• _What is expected_: The response should hold each line from the entries below where "using" is found.

Data supplied: Begin

section \<open>A minimax identity for shifted products\<close>

lemma convex_hull_meets_quadrant:
  fixes Z :: "(real \<times> real) set"
  assumes "Z \<noteq> {}" "0 < \<epsilon>"
    and sup_ge: "\<And>t. t \<in> {0..1} \<Longrightarrow> V \<le> (SUP z\<in>Z. (1 - t) * fst z + t * snd z)"
  shows "\<exists>y\<in>convex hull Z. V - \<epsilon> \<le> fst y \<and> V - \<epsilon> \<le> snd y"
proof (rule ccontr)
  define Q where "Q = {V - \<epsilon>..} \<times> {V - \<epsilon>..}"
  assume "\<not> ?thesis"
  then have "convex hull Z \<inter> Q = {}"
    unfolding Q_def by force
  moreover have "convex Q"
    unfolding Q_def by (intro convex_Times convex_real_interval)
  moreover have "convex hull Z \<noteq> {}" "Q \<noteq> {}"
    using \<open>Z \<noteq> {}\<close> by (auto simp: Q_def)
  ultimately obtain a \<beta> where "a \<noteq> 0"
    and hull_le: "\<forall>h\<in>convex hull Z. inner a h \<le> \<beta>"
    and Q_ge: "\<forall>q\<in>Q. \<beta> \<le> inner a q"
    using separating_hyperplane_sets[OF convex_convex_hull] by meson
  \<comment> \<open>\<open>Q\<close> is unbounded upwards in both coordinates, so the normal \<open>a\<close> is nonnegative\<close>
  obtain a1 a2 where a: "a = (a1, a2)" by fastforce
  have corner: "\<beta> \<le> (a1 + a2) * (V - \<epsilon>) + a1 * r + a2 * s" if "0 \<le> r" "0 \<le> s" for r s
    using Q_ge[rule_format, of "(V - \<epsilon> + r, V - \<epsilon> + s)"] that by (simp add: Q_def a algebra_simps)
  have "0 \<le> a1" "0 \<le> a2"
    using corner[of _ 0] corner[of 0] by (auto intro: nonneg_if_bounded_below_on_ray)
  with \<open>a \<noteq> 0\<close> have "0 < a1 + a2"
    by (auto simp: a zero_prod_def)
  define t where "t = a2 / (a1 + a2)"
  have "t \<in> {0..1}"
    using \<open>0 \<le> a1\<close> \<open>0 \<le> a2\<close> \<open>0 < a1 + a2\<close> by (simp add: t_def)
  have "(SUP z\<in>Z. (1 - t) * fst z + t * snd z) \<le> V - \<epsilon>"
  proof (rule cSUP_least[OF \<open>Z \<noteq> {}\<close>])
    fix z assume "z \<in> Z"
    then have "a1 * fst z + a2 * snd z \<le> (a1 + a2) * (V - \<epsilon>)"
      using hull_le[rule_format, of z] corner[of 0 0] by (auto simp: a hull_inc inner_prod_def)
    moreover have "(1 - t) * fst z + t * snd z = (a1 * fst z + a2 * snd z) / (a1 + a2)"
      using \<open>0 < a1 + a2\<close> by (simp add: t_def divide_simps)
    ultimately show "(1 - t) * fst z + t * snd z \<le> V - \<epsilon>"
      using \<open>0 < a1 + a2\<close> by (simp add: pos_divide_le_eq mult.commute)
  qed
  with sup_ge[OF \<open>t \<in> {0..1}\<close>] \<open>0 < \<epsilon>\<close> show False
    by linarith
qed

Data supplied: End

• _Output for this exercise_:
    using \<open>Z \<noteq> {}\<close> by (auto simp: Q_def)
    using separating_hyperplane_sets[OF convex_convex_hull] by meson
    using Q_ge[rule_format, of "(V - \<epsilon> + r, V - \<epsilon> + s)"] that by (simp add: Q_def a algebra_simps)
    using corner[of _ 0] corner[of 0] by (auto intro: nonneg_if_bounded_below_on_ray)
    using \<open>0 \<le> a1\<close> \<open>0 \<le> a2\<close> \<open>0 < a1 + a2\<close> by (simp add: t_def)
      using hull_le[rule_format, of z] corner[of 0 0] by (auto simp: a hull_inc inner_prod_def)
      using \<open>0 < a1 + a2\<close> by (simp add: t_def divide_simps)
      using \<open>0 < a1 + a2\<close> by (simp add: pos_divide_le_eq mult.commute)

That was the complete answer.